Carbon additives:  Because of carbon’s chemical flexibility, the addition of “foreign” atoms into the graphene lattice is quite possible, and can change the behavior of the underlying lattice structure.  Depending on the desired characteristic, modifications can include functionalization, enhancement of electron storage, increased electron mobility, increased strength in specific environments, or other desirable traits. 

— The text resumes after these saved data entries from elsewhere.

lemma lookup_mult_keys:
  "lookup (p * q) u = (\<Sum>a\<in>keys p. \<Sum>b\<in>keys q. if a + b = u then lookup p a * lookup q b else 0)"
  by (subst mult_eq_sum_single) (simp add: lookup_sum lookup_single when_def)

lemma mvars_subset_iff: "mvars p \<subseteq> A \<longleftrightarrow> (\<forall>m\<in>keys p. keys m \<subseteq> A)"
  by (auto simp: mvars_def)

lemma mvars_mult: "mvars (p * q) \<subseteq> mvars p \<union> mvars q"
proof -
  have "keys m \<subseteq> mvars p \<union> mvars q" if m: "m \<in> keys (p * q)" for m
  proof -
    obtain a b where "a \<in> keys p" "b \<in> keys q" "m = a + b" using m keys_mult[of p q] by blast
    then show ?thesis using keys_add[of a b] by (auto simp: mvars_def)
  qed
  then show ?thesis by (auto simp: mvars_def)
qed

lemma mvars_prod: "mvars (\<Prod>i\<in>I. f i) \<subseteq> (\<Union>i\<in>I. mvars (f i))"
proof (induction I rule: infinite_finite_induct)
  case (insert x F)
  then show ?case using mvars_mult[of "f x" "prod f F"] by auto
qed (simp_all add: mvars_def)

subsection \<open>Substitution\<close>

definition monom_eval :: "(nat \<Rightarrow> 'a::comm_ring_1 mpoly) \<Rightarrow> (nat \<Rightarrow>\<^sub>0 nat) \<Rightarrow> 'a mpoly" where
  "monom_eval v m = (\<Prod>i\<in>keys m. v i ^ lookup m i)"

lemma msubst_monom_eval: "msubst p v = (\<Sum>m\<in>keys p. mconst (lookup p m) * monom_eval v m)"
  by (simp add: msubst_def monom_eval_def)

lemma mconst_0 [simp]: "mconst 0 = 0"
  by (simp add: mconst_def)

lemma mconst_1 [simp]: "mconst 1 = 1"
  by (simp add: mconst_def)

lemma mconst_add: "mconst (a + b) = mconst a + mconst b"
  by (simp add: mconst_def single_add)

lemma mconst_mult: "mconst (a * b) = mconst a * mconst (b::'a::comm_ring_1)"
  by (simp add: mconst_def mult_single)

lemma mconst_eq_0_iff [simp]: "mconst c = 0 \<longleftrightarrow> c = 0"
  by (metis lookup_single_eq lookup_zero single_zero mconst_def)

lemma mconst_neg_one_power: "((-1) ^ k :: 'a::comm_ring_1 mpoly) = mconst ((-1) ^ k)"
  by (induction k) (auto simp: mconst_mult mconst_def single_uminus)

lemma lookup_mconst_mult: "lookup (mconst c * p) u = c * lookup p u"
  by (simp add: mconst_def Poly_Mapping.map.rep_eq when_def flip: mult_map_scale_conv_mult)

lemma keys_mconst_mult: "keys (mconst c * p) \<subseteq> keys p"
  by (auto simp: in_keys_iff lookup_mconst_mult)

lemma lookup_mvar: "lookup (mvar i :: 'a::comm_ring_1 mpoly) u = (if u = single i 1 then 1 else 0)"
  by (simp add: mvar_def lookup_single when_def eq_commute)
(* Let $\mathbb{K}$ be a field, let $P_1, P_2 \in \mathbb{K}[X]$ be irreducible polynomials with $P_1' \neq 0$ and $P_2' \neq 0$, and let $k \geq 1$ be an integer. Then the rings $\mathbb{K}[X]/(P_1^k)$ and $\mathbb{K}[X]/(P_2^k)$ are isomorphic if and only if the fields $\mathbb{K}[X]/(P_1)$ and $\mathbb{K}[X]/(P_2)$ are isomorphic (as rings).
   Context: $\mathbb{K}$ is an arbitrary field; $P'$ denotes the formal derivative (for irreducible $P$, $P'\neq0$ means $P$ is separable). The rings $\mathbb{K}[X]/(P_i^k)$ are local with residue field $\mathbb{K}[X]/(P_i)$. *)

theory Defs
  imports "HOL-Computational_Algebra.Polynomial" "HOL-Algebra.QuotRing"
begin

text \<open>The polynomial ring K[X] (type-class polynomials over a field 'a)
  viewed as an HOL-Algebra ring structure, so that quotient rings
  K[X]/(P) can be formed with Quot and compared with ring isomorphism.\<close>
definition Kx :: "'a::field poly ring" where
  "Kx = \<lparr>carrier = UNIV, mult = (*), one = 1, zero = 0, add = (+)\<rparr>"

end

theory Submission
  imports Defs "HOL-Number_Theory.Cong" "HOL-Computational_Algebra.Polynomial_Factorial"
begin

(* A ring isomorphism K[X]/(P^k) ~ K[X]/(Q^k) maps nilpotents to nilpotents, hence the maximal
   ideal (P)/(P^k) onto (Q)/(Q^k), and so induces an isomorphism of the residue fields.
   Conversely, as P is separable, Newton iteration gives Y = X (mod P) with P(Y) = 0 (mod P^k).
   Then F |-> sum_j F_j(Y) P^j identifies (K[X]/(P))[T]/(T^k) with K[X]/(P^k), and an
   isomorphism of residue fields acts coefficientwise on these truncated polynomial rings. *)

section \<open>Quotient rings of K[X] through representatives\<close>

definition cong_class :: "'a::field poly \<Rightarrow> 'a poly \<Rightarrow> 'a poly set" where
  "cong_class P a = {b. [b = a] (mod P)}"

lemma cong_class_eq_iff: "cong_class P a = cong_class P b \<longleftrightarrow> [a = b] (mod P)"
proof
  assume "cong_class P a = cong_class P b"
  then show "[a = b] (mod P)"
    unfolding cong_class_def by (metis cong_refl mem_Collect_eq)
qed (auto simp: cong_class_def intro: cong_trans cong_sym)

lemma a_r_coset_Kx: "PIdl\<^bsub>Kx\<^esub> P +>\<^bsub>Kx\<^esub> a = cong_class P a"
proof -
  have "\<exists>h. (\<exists>x. h = x * P) \<and> b = h + a" if b: "b \<in> cong_class P a" for b
  proof -
    obtain x where "b - a = P * x"
      using b by (auto simp: cong_class_def cong_iff_dvd_diff dvd_def)
    then show ?thesis by (metis diff_add_cancel mult.commute)
  qed
  then show ?thesis
    unfolding a_r_coset_def r_coset_def cgenideal_def Kx_def
    by (auto simp: cong_class_def cong_iff_dvd_diff mult.commute)
qed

• Oxygen - By adding “oxygen contaminants” to the hexagonal lattice of graphene, the resulting structure can change from hydrophobic (graphene) to hydrophilic (graphene oxide) with oxygen breaking up the regularity of the lattice. This change also turns the lattice from electrically conductive to an electrical insulator, a radical change of behavior.
• Carboxyl Groups - The –COOH group takes advantage of the proclivity of carbon to form multiple bonds. The carbon in the group is double bonded to the first oxygen atom and is single bonded to the hydroxyl group (-OH).  In its entirety the carboxyl becomes single bonded to the edges of graphene flake, thus easing the graphene into polar solvents.
• Fluorine - The addition of a fluorine “contaminant” into the carbon lattice greatly increases the electron storage capability of graphene, thus becoming a desirable material for battery cathode/anode sets.

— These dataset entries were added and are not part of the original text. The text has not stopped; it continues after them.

theorem mainTheorem5:
  fixes s p \<rho> :: real
    and e a :: "'a::euclidean_space"
    and \<phi> :: "'a \<Rightarrow> real"
    and \<xi> \<eta> :: "real \<Rightarrow> real"
  assumes s: "0 < s" "s < 1"
    and N: "real DIM('a) > 2 * s"
    and p: "2 < p" "p < crit_exp s DIM('a)"
    and e: "e \<in> Basis"
    and a: "a \<bullet> e = 0"
    and rho: "\<rho> > 0"
    and phi: "is_minimizer s p \<phi>"
    and xi: "C_inf_on {0<..} \<xi>" "\<forall>t\<ge>0. 0 \<le> \<xi> t \<and> \<xi> t \<le> 1"
        "\<forall>t\<in>{0..\<rho>}. \<xi> t = 0" "\<forall>t\<ge>2*\<rho>. \<xi> t = 1"
    and eta: "C_inf_on UNIV \<eta>" "\<forall>t. 0 \<le> \<eta> t \<and> \<eta> t \<le> 1"
        "\<forall>t\<le>0. \<eta> t = 0" "\<forall>t\<ge>1. \<eta> t = 1"
  shows "\<exists>r3>0. \<forall>r\<ge>r3. \<forall>y\<in>sphere (a + r *\<^sub>R e) (r / 2).
           beta (Psi p \<xi> \<eta> \<phi> e (a + r *\<^sub>R e) y) \<bullet> y > 0"
proof -
  have \<phi>: "\<phi> \<in> borel_measurable lebesgue" "integrable lebesgue (\<lambda>x. (\<phi> x)\<^sup>2)" "Lp_int p \<phi> = 1"
    using phi unfolding is_minimizer_def in_Hs_def by (auto intro: integrableI_bounded)
  have p_pos: "0 < p"
    using p(1) by simp
  have \<xi>: "continuous_on {0<..} \<xi>" "\<xi> 0 = 0" and \<eta>: "continuous_on UNIV \<eta>"
    using C_inf_on_imp_continuous_on xi(1,3) eta(1) rho by auto
  have "\<not> (AE x in lebesgue. \<phi> x = 0)"
    using Lp_int_eq_0_iff[OF \<phi>(1) p_pos] \<phi>(3) by simp
  then have "2 / 3 * (\<integral>z. (\<phi> z)\<^sup>2 \<partial>lebesgue) < (\<integral>z. (\<phi> z)\<^sup>2 \<partial>lebesgue)"
    using integral_power2_pos[OF \<phi>(2)] by simp
  then obtain T where T: "0 \<le> T"
    "2 / 3 * (\<integral>z. (\<phi> z)\<^sup>2 \<partial>lebesgue) < (\<integral>z. indicator (cball 0 T) z * (\<phi> z)\<^sup>2 \<partial>lebesgue)"
    using exists_cball_integral_gt[OF \<phi>(2)] by blast
  show ?thesis
  proof (intro exI[of _ "2 * (3 * T + 2 * \<rho> + 1)"] conjI allI impI ballI)
    show "0 < 2 * (3 * T + 2 * \<rho> + 1)"
      using T rho by simp
    fix r y
    assume r: "2 * (3 * T + 2 * \<rho> + 1) \<le> r" and y: "y \<in> sphere (a + r *\<^sub>R e) (r / 2)"
    define f where "f = f_fun \<xi> \<eta> \<phi> e (a + r *\<^sub>R e) y"
    have "f \<in> borel_measurable lebesgue"
      unfolding f_def by (rule f_fun_measurable[OF \<phi>(1) \<xi> \<eta>])
    moreover have "Lp_int p f \<le> Lp_int p \<phi>"
      unfolding f_def using p_pos f_fun_sq_le[OF xi(2) eta(2)]
      by (intro Lp_int_le_translate[OF \<phi>(1)]) (auto simp: abs_le_square_iff)
    then have "Lp_int p f < \<infinity>"
      using \<phi>(3) order_le_less_trans by fastforce
    moreover have "0 < beta f \<bullet> y"
      unfolding f_def using e rho
      by (intro beta_f_fun_inner_pos[OF _ a \<phi>(1,2) \<xi>(1) xi(2) \<xi>(2) xi(4) \<eta> eta(2,4) T(2,1) _ r y]) auto
    ultimately have "0 < beta (\<lambda>x. f x / Lp_norm p f) \<bullet> y"
      using p_pos by (intro beta_normalized_inner_pos)
    then show "0 < beta (Psi p \<xi> \<eta> \<phi> e (a + r *\<^sub>R e) y) \<bullet> y"
      unfolding f_def Psi_def[abs_def] .
  qed
qed

end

Graphite-Related:  Graphite is defined as an amorphous form of carbon at the macro level, but made up of very small sheets of graphene that easily slide over each other.  This gives graphite some of its characteristics, softness, lubricity, and electrical conductivity.  As a naturally occurring mineral, graphite is mined in several specific areas of the world where deposits of relatively pure forms exist.  It has been known for thousands of years for its ability to leave marks on other surfaces (the word derives from the Greek word γράφειν or graphein, which means writing stone).

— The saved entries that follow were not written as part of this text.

lemma seg_perms_0: "seg_perms 0 = {[0]}"
proof -
  have "w = [0]" if "w \<in> seg_perms 0" for w
  proof -
    from that have "\<forall>x\<in>set w. x = 0" "w \<noteq> []" "successively (\<lambda>x y. x \<noteq> 0 \<or> y \<noteq> 0) w"
      by (auto simp: seg_perms_def)
    then show ?thesis
      by (cases w rule: remdups_adj.cases) simp_all
  qed
  then show ?thesis
    by (auto simp: seg_perms_def)
qed

lemma finite_ins_choices: "finite (ins_choices w)"
proof (rule finite_subset)
  show "ins_choices w \<subseteq> splits_at 0 w \<times> UNIV"
    by (auto simp: ins_choices_def)
  show "finite (splits_at 0 w \<times> (UNIV :: (bool \<times> bool) set))"
    by (simp add: finite_splits_at)
qed

lemma finite_seg_perms: "finite (seg_perms k)"
proof (induction k)
  case (Suc k)
  then have "finite (Sigma (seg_perms k) ins_choices)"
    by (simp add: finite_ins_choices)
  then show ?case
    using bij_betw_finite[OF bij_betw_ins_top] by simp
qed (simp add: seg_perms_0)

section \<open>Statistics of a single letter\<close>

definition below :: "nat \<Rightarrow> nat \<Rightarrow> bool" where
  "below v x \<longleftrightarrow> 0 < x \<and> x < v"

(* Treating the separator 0 as larger than every letter makes the statistics of a letter
   invariant under replacing a separator by a block of zeros and larger letters
   (count_adj_collapse), which is what inserting a new maximum does to the old letters. *)
definition above :: "nat \<Rightarrow> nat \<Rightarrow> bool" where
  "above v x \<longleftrightarrow> x = 0 \<or> v < x"

definition occ_13_2 :: "nat list \<Rightarrow> nat \<Rightarrow> nat" where
  "occ_13_2 w v = count_adj (\<lambda>x y. below v x \<and> above v y) (takeWhile (\<lambda>x. x \<noteq> v) w)"

definition occ_2_31 :: "nat list \<Rightarrow> nat \<Rightarrow> nat" where
  "occ_2_31 w v = count_adj (\<lambda>x y. above v x \<and> below v y) (tl (dropWhile (\<lambda>x. x \<noteq> v) w))"

definition desc_top :: "nat list \<Rightarrow> nat \<Rightarrow> nat" where
  "desc_top w v = (case tl (dropWhile (\<lambda>x. x \<noteq> v) w) of [] \<Rightarrow> 0 | y # _ \<Rightarrow> of_bool (below v y))"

Branched Spheres:  This form is a recent addition to the carbon catalog.  Produced in a plasma process, the form appears as a central solid sphere with extended branches, all of pure carbon.  This form is finding its way into the market as an additive to cementitious substances and to polymers used for tires.  The unique morphology strengthens underlying crystalline structures at very low loading levels and is likely to become an important factor in reducing the carbon footprint of the concrete industry by reducing the volume of pours without reducing the strength of the concrete.

Graphite Oxide:  Similar to graphene oxide, used in many situations where its solubility is desired along with its slipperiness.  It is used in car waxes, water purification and as a graphene precursor.

Diamond:  Each carbon is attached to four others in a strainless chair configuration through sp3 bonds.  As a naturally occurring 3-dimensional crystal, formed under heat and pressure, this mineral is highly valued for both commercial characteristics and for its intrinsic beauty.

Carbon Black:  An amorphous, paracrystalline form of carbon derived from the incomplete combustion of petrochemicals.  Used as a filler in tires, for inks and as a UV stabilizer.